I’ve noticed that all vendors of predictive maintenance products and services make the same claims when it comes to preventing breakdowns. So, how can you determine what’s real and what’s not? In a series of blog posts, I’ll point out what’s important when assessing the correct solution for manufacturing organizations.
First and Foremost: Accuracy, Early Warnings and False Alarms
Almost all predictive maintenance solutions use only one mechanism for detecting failure — anomaly detection. Aspen Mtell® uses two mechanisms: anomaly and precise failure detection. Where anomaly detection can work, precise failure detection works earlier and more accurately and is essential for the best performing predictive maintenance solution.
However, the quality of data processing is paramount for a full, effective solution. You’ve heard the adage, “garbage in, garbage out,” which is problematic for many solutions. A number of factors contribute to solution competence. First is data preparation — how the data are conditioned to ensure only the good and all the good data enter the solution set for analytical analysis. During the process of resolving normal behavior using archived data, some leading solutions throw away up to 70% of incoming data, not knowing if it’s good or bad data.
Examining Outliers in the Data
A user can visually identify simple outliers by examining all the trend lines for one machine on a multivariable chart, which may have 50 to 100 individual sensor trends. Data occurring around an outlier could be good or bad. For example, if the large spike in wind turbine gearbox torque occurred when a gear tooth sheared off, the “outlier” was actually a real failure and very valuable information. The simplest but most error-prone method uses a rubber-band cursor to “stripe” and remove all the data from all the sensor trends in an arbitrarily chosen time period before and after the outlier. This occurs without the user understanding that the removed data actually includes good data. Consequently, the resulting reduced training data seriously limits accuracy, increases false alarms, and decreases lead time warnings of impending failures.
Superior solutions condition all archived training data algorithmically for a true understanding of the quality of the combination of all data streams at all times. The process amalgamates all the data streams (say 50-100) into a single line “probability waveform” that shows the probability of failure at every point in time through the training data. Normal behavior in such a chart is the trend line hovering very close to zero. Where behavior deviates from normal conditions, spurious motion in the trend line shows it clearly.
By introducing the timestamps of failure work orders, a user can precisely match the behavior excursions to actual failures and measure the exact time-to-failure and remove them for separate processing. Some remaining excursions do not match failures show errant, perhaps unexplained manufacturing process conditions that compromise good data. Removing these ensures the calculation of normal behavior is not compromised by errant process behavior.
So, now you can see that intelligent striping across the pre-processed data in the probability waveform is very different to striping raw data feeds: intelligent striping is far more accurate and retains all the good data. Removing unexplained process deviations and real failures assures remaining data are all near zero probability of failure and are all meaningful and usable representations of normal behavior. The probability process removes all the guesses and estimates offered in alternative solutions.

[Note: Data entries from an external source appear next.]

(* Let $Q$ be a finite connected quandle and $\alpha$ a congruence of $Q$. If $Q/\alpha$ is simply connected, then $\alpha=\mathcal{O}_{\mathrm{Dis}_\alpha}$ and $\mathrm{Dis}_\alpha=\mathrm{Dis}^\alpha$.
   Context: A quandle is a set $Q$ with a binary operation $*$ such that every left translation $L_x:y\mapsto x*y$ is bijective, $x*(y*z)=(x*y)*(x*z)$ and $x*x=x$; left division is $x\backslash y=L_x^{-1}(y)$. $\mathrm{LMlt}(Q)=\langle L_x:x\in Q\rangle$; $Q$ is connected if it is transitive. A congruence is an equivalence relation compatible with $*$ and $\backslash$. For a congruence $\alpha$: $\mathrm{Dis}_\alpha=\langle L_xL_y^{-1}: x\,\alpha\,y\rangle$; $\mathrm{Dis}(Q)=\langle L_xL_y^{-1}:x,y\in Q\rangle$; $\mathrm{LMlt}^\alpha$ is the kernel of the surjective group homomorphism $\mathrm{LMlt}(Q)\to\mathrm{LMlt}(Q/\alpha)$, $L_x\mapsto L_{[x]_\alpha}$; $\mathrm{Dis}^\alpha=\mathrm{LMlt}^\alpha\cap\mathrm{Dis}(Q)$. For a normal subgroup $N$ of $\mathrm{LMlt}(Q)$, $\mathcal{O}_N=\{(x,h(x)):x\in Q,h\in N\}$ (a congruence). For a set $S$, a quandle cocycle with values in $\mathrm{Sym}_S$ is $\theta:Q\times Q\to\mathrm{Sym}_S$ with $\theta_{x*y,x*z}\theta_{x,z}=\theta_{x,y*z}\theta_{y,z}$, $\theta_{x,x}=1$; it is cohomologous to the trivial cocycle if $\theta_{x,y}=\gamma_{x*y}\gamma_y^{-1}$ for some $\gamma:Q\to\mathrm{Sym}_S$. A quandle is simply connected if it is connected and for every set $S$ every such cocycle is cohomologous to the trivial cocycle. *)

theory Defs
  imports "HOL-Algebra.Algebra"
begin

definition quandle :: "'a set \<Rightarrow> ('a \<Rightarrow> 'a \<Rightarrow> 'a) \<Rightarrow> bool" where
  "quandle Q op \<longleftrightarrow>
     (\<forall>x\<in>Q. bij_betw (op x) Q Q) \<and>
     (\<forall>x\<in>Q. \<forall>y\<in>Q. \<forall>z\<in>Q. op x (op y z) = op (op x y) (op x z)) \<and>
     (\<forall>x\<in>Q. op x x = x)"

definition ldiv :: "'a set \<Rightarrow> ('a \<Rightarrow> 'a \<Rightarrow> 'a) \<Rightarrow> 'a \<Rightarrow> 'a \<Rightarrow> 'a" where
  "ldiv Q op x y = (THE z. z \<in> Q \<and> op x z = y)"

definition Lt :: "'a set \<Rightarrow> ('a \<Rightarrow> 'a \<Rightarrow> 'a) \<Rightarrow> 'a \<Rightarrow> ('a \<Rightarrow> 'a)" where
  "Lt Q op x = (\<lambda>y\<in>Q. op x y)"

definition LMlt :: "'a set \<Rightarrow> ('a \<Rightarrow> 'a \<Rightarrow> 'a) \<Rightarrow> ('a \<Rightarrow> 'a) set" where
  "LMlt Q op = generate (BijGroup Q) (Lt Q op ` Q)"

definition Dis :: "'a set \<Rightarrow> ('a \<Rightarrow> 'a \<Rightarrow> 'a) \<Rightarrow> ('a \<Rightarrow> 'a) set" where
  "Dis Q op = generate (BijGroup Q)
     {Lt Q op x \<otimes>\<^bsub>BijGroup Q\<^esub> inv\<^bsub>BijGroup Q\<^esub> (Lt Q op y) | x y. x \<in> Q \<and> y \<in> Q}"

definition connected_quandle :: "'a set \<Rightarrow> ('a \<Rightarrow> 'a \<Rightarrow> 'a) \<Rightarrow> bool" where
  "connected_quandle Q op \<longleftrightarrow> (\<forall>x\<in>Q. \<forall>y\<in>Q. \<exists>h\<in>LMlt Q op. h x = y)"

definition congruence :: "'a set \<Rightarrow> ('a \<Rightarrow> 'a \<Rightarrow> 'a) \<Rightarrow> 'a rel \<Rightarrow> bool" where
  "congruence Q op \<alpha> \<longleftrightarrow> equiv Q \<alpha> \<and>
     (\<forall>x x' y y'. (x, x') \<in> \<alpha> \<longrightarrow> (y, y') \<in> \<alpha> \<longrightarrow>
        (op x y, op x' y') \<in> \<alpha> \<and> (ldiv Q op x y, ldiv Q op x' y') \<in> \<alpha>)"

text \<open>Quotient quandle Q/alpha: carrier Q // alpha, [x]*[y] = [x*y].\<close>
definition quot_op :: "'a set \<Rightarrow> ('a \<Rightarrow> 'a \<Rightarrow> 'a) \<Rightarrow> 'a rel \<Rightarrow> 'a set \<Rightarrow> 'a set \<Rightarrow> 'a set" where
  "quot_op Q op \<alpha> A B = \<alpha> `` {op (SOME x. x \<in> A) (SOME y. y \<in> B)}"

definition Dis_rel :: "'a set \<Rightarrow> ('a \<Rightarrow> 'a \<Rightarrow> 'a) \<Rightarrow> 'a rel \<Rightarrow> ('a \<Rightarrow> 'a) set" where
  "Dis_rel Q op \<alpha> = generate (BijGroup Q)
     {Lt Q op x \<otimes>\<^bsub>BijGroup Q\<^esub> inv\<^bsub>BijGroup Q\<^esub> (Lt Q op y) | x y. x \<in> Q \<and> y \<in> Q \<and> (x, y) \<in> \<alpha>}"

text \<open>LMlt^alpha: kernel of LMlt(Q) -> LMlt(Q/alpha), L_x |-> L_[x]. The image of h is the
  permutation [x] |-> [h x] of Q/alpha, so h is in the kernel iff h x alpha x for all x.\<close>
definition LMlt_up :: "'a set \<Rightarrow> ('a \<Rightarrow> 'a \<Rightarrow> 'a) \<Rightarrow> 'a rel \<Rightarrow> ('a \<Rightarrow> 'a) set" where
  "LMlt_up Q op \<alpha> = {h \<in> LMlt Q op. \<forall>x\<in>Q. (h x, x) \<in> \<alpha>}"

definition Dis_up :: "'a set \<Rightarrow> ('a \<Rightarrow> 'a \<Rightarrow> 'a) \<Rightarrow> 'a rel \<Rightarrow> ('a \<Rightarrow> 'a) set" where
  "Dis_up Q op \<alpha> = LMlt_up Q op \<alpha> \<inter> Dis Q op"

definition orbit_rel :: "'a set \<Rightarrow> ('a \<Rightarrow> 'a) set \<Rightarrow> 'a rel" where
  "orbit_rel Q N = {(x, h x) | x h. x \<in> Q \<and> h \<in> N}"

definition quandle_cocycle :: "'a set \<Rightarrow> ('a \<Rightarrow> 'a \<Rightarrow> 'a) \<Rightarrow> 's set \<Rightarrow> ('a \<Rightarrow> 'a \<Rightarrow> ('s \<Rightarrow> 's)) \<Rightarrow> bool" where
  "quandle_cocycle Q op S \<theta> \<longleftrightarrow>
     (\<forall>x\<in>Q. \<forall>y\<in>Q. \<theta> x y \<in> carrier (BijGroup S)) \<and>
     (\<forall>x\<in>Q. \<forall>y\<in>Q. \<forall>z\<in>Q.
        \<theta> (op x y) (op x z) \<otimes>\<^bsub>BijGroup S\<^esub> \<theta> x z = \<theta> x (op y z) \<otimes>\<^bsub>BijGroup S\<^esub> \<theta> y z) \<and>
     (\<forall>x\<in>Q. \<theta> x x = \<one>\<^bsub>BijGroup S\<^esub>)"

Also, because this exercise detects the precise failure patterns for a particular work order, the patterns may be easily linked to the exact root cause; the cause code in the enterprise asset management (EAM) system. Next time the alert is dispatched, you know exactly WHEN failure will happen and HOW it will happen. You can include WHAT action to take to prevent failure, whether that is adjusting a process to avoid degradation or scheduling service before failure occurs. That insight and the early warning assures you the time to act safely under full control.
Predicting Precise Failures
Most solutions do not execute precise failure detection — they only perform what’s called anomaly detection. Simply put, anomaly detection inspects incoming data, asking, “Is this normal?” Obviously, accuracy depends on the precision of normal behavior definition; poor definition means many false alarms, especially during early application commissioning when inferior predictive maintenance solutions simply block errant alarms without improving detection accuracy. In fact, such endless indiscriminate “tuning” of alarm suppression thresholds desensitizes the solution so much that it will suppress real alerts.
While anomaly detection is actually a good technique to detect deviations from normal, it is not as early or as accurate as precise failure pattern detection. It is extremely useful to indicate and send alarms for abnormal deviations. The intrinsic issue is how to decide if the deviation is an actual failure or a change in the process and what to do in either case.
Consequently, after an anomaly alarm most solutions require intense scrutiny by experts to understand if the alarm reflects a new normal or a real failure — a process that may take days or weeks. Worse, those solutions have no simple mechanism to adjust or change the data processing to stop the incumbent false alarms happening again. Manufacturing processes always change over time. You can get process drift, changes in ambient temperatures, new product and process campaigns, winter and summer modes, and so on. Select an accurate early warning solution where you can simply and easily maintain accuracy: e.g., a simple point-and-click ensures the application stays consistent with a changing manufacturing process and dispatches minimal false alarms.